By Rep. Sam Farr (D-CA)
Congressional Record
June 12, 2007 (H6272)
[The DEPARTMENT OF HOMELAND SECURITY APPROPRIATIONS ACT, 2008] appropriates a record amount of spending, $36.3 billion. What we tried to do in the committee, and I want to commend Mr. Rogers and Mr. Price, was starting out asking what are the risk issues that we really need to face in the Nation. This whole emphasis has been essentially an antiterrorism effort, when, in reality, in creating this huge, huge bureaucracy and moving the Department of Agriculture and everybody else into it, what we have found from a lot of experts is that you really have to deal with issues such as the first responders would be the same for a terrorist activity as they would be for a natural disaster, and that we really have to base our decisions on risk-based management.
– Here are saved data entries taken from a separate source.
lemma power_mult_Bernoulli_le_one:
  fixes r :: real
  assumes "0 \<le> r" "r \<le> 1"
  shows "r ^ k * (1 + k * (1 - r)) \<le> 1"
proof (induction k)
  case (Suc k)
  have "r ^ Suc k * (1 + Suc k * (1 - r)) = r * (r ^ k * (1 + k * (1 - r))) + (1 - r) * r ^ Suc k"
    by (simp add: algebra_simps)
  also have "\<dots> \<le> r * 1 + (1 - r) * 1"
    using Suc assms by (intro add_mono mult_left_mono power_le_one) auto
  finally show ?case by simp
qed simp

lemma norm_plus_one_sq_minus_norm_minus_one_sq:
  fixes z :: complex
  shows "(norm (z + 1))\<^sup>2 - (norm (z - 1))\<^sup>2 = 4 * Re z"
  unfolding cmod_power2 by (simp add: power2_eq_square algebra_simps)

lemma norm_minus_one_le_norm_plus_one:
  fixes z :: complex
  assumes "0 \<le> Re z"
  shows "norm (z - 1) \<le> norm (z + 1)"
proof (rule power2_le_imp_le)
  show "(norm (z - 1))\<^sup>2 \<le> (norm (z + 1))\<^sup>2"
    using norm_plus_one_sq_minus_norm_minus_one_sq[of z] assms by linarith
qed simp

lemma cSUP_eq_cSUP_Rats:
  fixes h :: "real \<Rightarrow> real"
  assumes "continuous_on UNIV h" and bdd: "bdd_above (range h)"
  shows "(SUP y. h y) = (SUP y\<in>\<rat>. h y)"
proof (rule antisym)
  define S where "S = (SUP y\<in>\<rat>. h y)"
  have "bdd_above (h ` \<rat>)"
    using bdd by (meson bdd_above_mono image_mono subset_UNIV)
  then have "\<rat> \<subseteq> {y. h y \<le> S}"
    by (auto simp: S_def intro: cSUP_upper)
  moreover have "closed {y. h y \<le> S}"
    using assms(1) by (intro closed_Collect_le continuous_on_const)
  ultimately have "closure \<rat> \<subseteq> {y. h y \<le> S}"
    by (rule closure_minimal)
  then show "(SUP y. h y) \<le> S"
    by (intro cSUP_least) (auto simp: Rats_closure_real)
next
  show "(SUP y\<in>\<rat>. h y) \<le> (SUP y. h y)"
    using bdd Rats_0 by (intro cSUP_subset_mono) auto
qed

lemma Complex_in_cplus_iff [simp]: "Complex x y \<in> cplus \<longleftrightarrow> 0 < x"
  by (simp add: cplus_def)

lemma open_cplus: "open cplus"
  by (simp add: cplus_def open_halfspace_Re_gt)

lemma Cayley_power_has_field_derivative:
  fixes z :: complex
  assumes "z \<noteq> -1"
  shows "((\<lambda>z. ((z - 1) / (z + 1)) ^ n) has_field_derivative
           of_nat n * ((z - 1) / (z + 1)) ^ (n - 1) * (2 / (z + 1)\<^sup>2)) (at z)"
proof -
  have "z + 1 \<noteq> 0"
    using assms by (simp add: add_eq_0_iff2)
  then show ?thesis
    by (auto intro!: derivative_eq_intros simp: power2_eq_square)
qed

lemma norm_Cayley_power_derivative_le:
  fixes z :: complex
  assumes "0 < Re z"
  shows "norm (of_nat n * ((z - 1) / (z + 1)) ^ (n - 1) * (2 / (z + 1)\<^sup>2))
           \<le> 2 * n / ((Re z)\<^sup>2 + 2 * n * Re z + 1)"
proof (cases n)
  case (Suc k)
  define x u v where "x = Re z" and "u = norm (z - 1)" and "v = norm (z + 1)"
  define r where "r = u / v"
  have "0 < x" "0 \<le> u"
    using assms by (simp_all add: x_def u_def)
  moreover have "u \<le> v"
    using assms by (simp add: u_def v_def norm_minus_one_le_norm_plus_one)
  moreover have "(x + 1)\<^sup>2 \<le> v\<^sup>2"
    unfolding x_def v_def by (simp add: cmod_power2)
  ultimately have "0 < v" and r: "0 \<le> r" "r \<le> 1" and v_ge: "(x + 1)\<^sup>2 \<le> v\<^sup>2"
    by (auto simp: r_def)
  have "u = r * v"
    using \<open>0 < v\<close> by (simp add: r_def)
  then have "4 * x = v\<^sup>2 * (1 - r\<^sup>2)"
    using norm_plus_one_sq_minus_norm_minus_one_sq[of z]
    by (simp add: x_def u_def v_def power_mult_distrib algebra_simps)
  also have "\<dots> \<le> v\<^sup>2 * (2 * (1 - r))"
    using zero_le_power2[of "1 - r"] by (intro mult_left_mono) (auto simp: power2_eq_square algebra_simps)
  finally have "k * (4 * x) \<le> k * (v\<^sup>2 * (2 * (1 - r)))"
    by (rule mult_left_mono) simp
  then have "2 * k * x \<le> k * v\<^sup>2 * (1 - r)"
    by (simp add: algebra_simps)
  then have "x\<^sup>2 + 2 * n * x + 1 \<le> v\<^sup>2 * (1 + k * (1 - r))"
    using v_ge Suc by (simp add: power2_eq_square algebra_simps)
  then have "r ^ k * (x\<^sup>2 + 2 * n * x + 1) \<le> r ^ k * (v\<^sup>2 * (1 + k * (1 - r)))"
    using r by (intro mult_left_mono) auto
  also have "\<dots> = v\<^sup>2 * (r ^ k * (1 + k * (1 - r)))"
    by (simp only: ac_simps)
  also have "\<dots> \<le> v\<^sup>2"
    using power_mult_Bernoulli_le_one[OF r] by (simp add: mult_left_le)
  finally have "n * (r ^ k * (x\<^sup>2 + 2 * n * x + 1)) \<le> n * v\<^sup>2"
    by (rule mult_left_mono) simp
  moreover have "0 < x\<^sup>2 + 2 * n * x + 1"
    using \<open>0 < x\<close> by (simp add: add_pos_nonneg)
  ultimately have "n * r ^ k * 2 / v\<^sup>2 \<le> 2 * n / (x\<^sup>2 + 2 * n * x + 1)"
    using \<open>0 < v\<close> by (simp add: divide_simps)
  moreover have "n - 1 = k"
    using Suc by simp
  ultimately show ?thesis
    by (simp add: norm_mult norm_divide norm_power r_def u_def v_def x_def)
qed simp

lemma Cayley_power_holomorphic_on_cplus:
  "(\<lambda>z. ((z - 1) / (z + 1)) ^ n) holomorphic_on cplus"
proof -
  have "z \<noteq> -1" if "z \<in> cplus" for z
    using that by (auto simp: cplus_def)
  then show ?thesis
    using Cayley_power_has_field_derivative by (auto simp: holomorphic_on_open[OF open_cplus])
qed

lemma norm_Cayley_power_le_one:
  fixes z :: complex
  assumes "0 \<le> Re z"
  shows "norm (((z - 1) / (z + 1)) ^ n) \<le> 1"
  using assms norm_minus_one_le_norm_plus_one[OF assms]
  by (auto simp: norm_power norm_divide divide_le_eq power_le_one)

lemma norm_deriv_Cayley_power_le:
  fixes z :: complex
  assumes "0 < Re z"
  shows "norm (deriv (\<lambda>z. ((z - 1) / (z + 1)) ^ n) z) \<le> 2 * n / ((Re z)\<^sup>2 + 2 * n * Re z + 1)"
proof -
  have "z \<noteq> -1"
    using assms by auto
  then show ?thesis
    using norm_Cayley_power_derivative_le[OF assms]
    by (simp add: DERIV_imp_deriv[OF Cayley_power_has_field_derivative])
qed

lemma sup_deriv_measurable:
  assumes hol: "f holomorphic_on cplus"
    and bdd: "\<And>x. 0 < x \<Longrightarrow> bdd_above (range (\<lambda>y. norm (deriv f (Complex x y))))"
  shows "sup_deriv f \<in> borel_measurable (lebesgue_on {0<..})"
proof -
  have deriv_cont: "continuous_on cplus (deriv f)"
    using holomorphic_deriv[OF hol open_cplus] by (rule holomorphic_on_imp_continuous_on)
  have cont: "continuous_on A (\<lambda>x. norm (deriv f (Complex (p x) (q x))))"
    if "continuous_on A p" "continuous_on A q" "\<And>x. x \<in> A \<Longrightarrow> 0 < p x" for A p q
  proof (rule continuous_on_norm)
    show "continuous_on A (\<lambda>x. deriv f (Complex (p x) (q x)))"
      by (rule continuous_on_compose2[OF deriv_cont continuous_on_Complex[OF that(1,2)]])
        (use that(3) in auto)
  qed
  have SUP_Rats_measurable:
    "(\<lambda>x. SUP y\<in>\<rat>. norm (deriv f (Complex x y))) \<in> borel_measurable (lebesgue_on {0<..})"
  proof (rule borel_measurable_cSUP)
    show "(\<lambda>x. norm (deriv f (Complex x y))) \<in> borel_measurable (lebesgue_on {0<..})" for y
      using cont[of "{0<..}" "\<lambda>x. x" "\<lambda>_. y"]
      by (intro continuous_imp_measurable_on_sets_lebesgue) auto
    show "bdd_above ((\<lambda>y. norm (deriv f (Complex x y))) ` \<rat>)" if "x \<in> space (lebesgue_on {0<..})" for x
      using bdd[of x] that by (auto intro: bdd_above_mono)
  qed (rule countable_rat)
  have "sup_deriv f x = (SUP y\<in>\<rat>. norm (deriv f (Complex x y)))" if "0 < x" for x
    unfolding sup_deriv_def
    using that bdd[OF that] cont[of UNIV "\<lambda>_. x" "\<lambda>y. y"]
    by (intro cSUP_eq_cSUP_Rats) auto
  then show ?thesis
    by (intro measurable_cong[THEN iffD2, OF _ SUP_Rats_measurable]) simp
qed

lemma in_B_and_B_norm_le:
  assumes hol: "f holomorphic_on cplus"
    and f_le: "\<And>z. z \<in> cplus \<Longrightarrow> norm (f z) \<le> M"
    and deriv_le: "\<And>x y. 0 < x \<Longrightarrow> norm (deriv f (Complex x y)) \<le> g x"
    and g: "(g has_integral I) {0<..}"
  shows "in_B f \<and> B_norm f \<le> M + I"
proof -
  have bdd: "bdd_above (range (\<lambda>y. norm (deriv f (Complex x y))))" if "0 < x" for x
    using deriv_le[OF that] by (intro bdd_aboveI) auto
  have sup_deriv_nonneg: "0 \<le> sup_deriv f x" if "0 < x" for x
    unfolding sup_deriv_def using bdd[OF that] by (meson cSUP_upper2 norm_ge_zero UNIV_I)
  have sup_deriv_le: "sup_deriv f x \<le> g x" if "0 < x" for x
    unfolding sup_deriv_def using deriv_le[OF that] by (intro cSUP_least) auto
  have integrable: "sup_deriv f integrable_on {0<..}"
  proof (rule measurable_bounded_by_integrable_imp_integrable)
    show "sup_deriv f \<in> borel_measurable (lebesgue_on {0<..})"
      using hol bdd by (rule sup_deriv_measurable)
    show "g integrable_on {0<..}"
      using g by blast
    show "norm (sup_deriv f x) \<le> g x" if "x \<in> {0<..}" for x
      using that sup_deriv_nonneg sup_deriv_le by simp
  qed simp
  have "(SUP z\<in>cplus. norm (f z)) \<le> M"
    using f_le by (intro cSUP_least) (auto simp: cplus_def intro: exI[of _ 1])
  moreover have "integral {0<..} (sup_deriv f) \<le> I"
    using sup_deriv_le by (intro has_integral_le[OF integrable_integral[OF integrable] g]) simp
  ultimately have "B_norm f \<le> M + I"
    unfolding B_norm_def by linarith
  moreover have "in_B f"
    unfolding in_B_def using hol f_le bdd integrable by (auto simp: bounded_iff)
  ultimately show ?thesis by simp
qed

theorem lemma3p7:
  fixes n :: nat
  assumes "n \<ge> 1"
  shows "in_B (\<lambda>z. ((z - 1) / (z + 1)) ^ n)
         \<and> B_norm (\<lambda>z. ((z - 1) / (z + 1)) ^ n) \<le> 3 + 2 * ln (2 * real n)"
proof -
  define t :: real where "t = 2 * n"
  have "2 \<le> t"
    using assms by (simp add: t_def)
  then have "0 < t" "2 < t\<^sup>2"
    using mult_mono[OF \<open>2 \<le> t\<close> \<open>2 \<le> t\<close>] by (simp_all add: power2_eq_square)
  then have "0 < 1 / t" "1 / t < t - 1 / t"
    by (simp_all add: field_simps power2_eq_square)
  have "norm (deriv (\<lambda>z. ((z - 1) / (z + 1)) ^ n) (Complex x y))
          \<le> t * (1 / ((x + 1 / t) * (x + (t - 1 / t))))" if "0 < x" for x y
    using norm_deriv_Cayley_power_le[of "Complex x y" n] that
      divide_quadratic_le_divide_shifted_product[OF that \<open>0 < t\<close> \<open>2 < t\<^sup>2\<close>]
    by (simp add: t_def)
  moreover have "((\<lambda>x. t * (1 / ((x + 1 / t) * (x + (t - 1 / t))))) has_integral
                   t * (ln ((t - 1 / t) / (1 / t)) / (t - 1 / t - 1 / t))) {0<..}"
    by (intro has_integral_mult_right has_integral_inverse_shifted_product) fact+
  ultimately have "in_B (\<lambda>z. ((z - 1) / (z + 1)) ^ n) \<and> B_norm (\<lambda>z. ((z - 1) / (z + 1)) ^ n)
                     \<le> 1 + t * (ln ((t - 1 / t) / (1 / t)) / (t - 1 / t - 1 / t))"
    using Cayley_power_holomorphic_on_cplus norm_Cayley_power_le_one
    by (intro in_B_and_B_norm_le) (auto simp: cplus_def)
  then show ?thesis
    using scaled_log_ratio_le[OF \<open>0 < t\<close> \<open>2 < t\<^sup>2\<close>] by (simp add: t_def)
qed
It was no more clear than in a place that we are just sort of throwing money at, which is the >border between Mexico and the United States. In testimony, we found that there are more terrorist incidents–in fact, there have been none on the Mexican-U.S. border, but there have been several on the U.S.-Canadian border where we have very little security whatsoever. So if you were acting just on risk management, you would put more assets on the Canadian border than on the Mexican border. But the emphasis here isn’t about homeland security; it is more about immigration.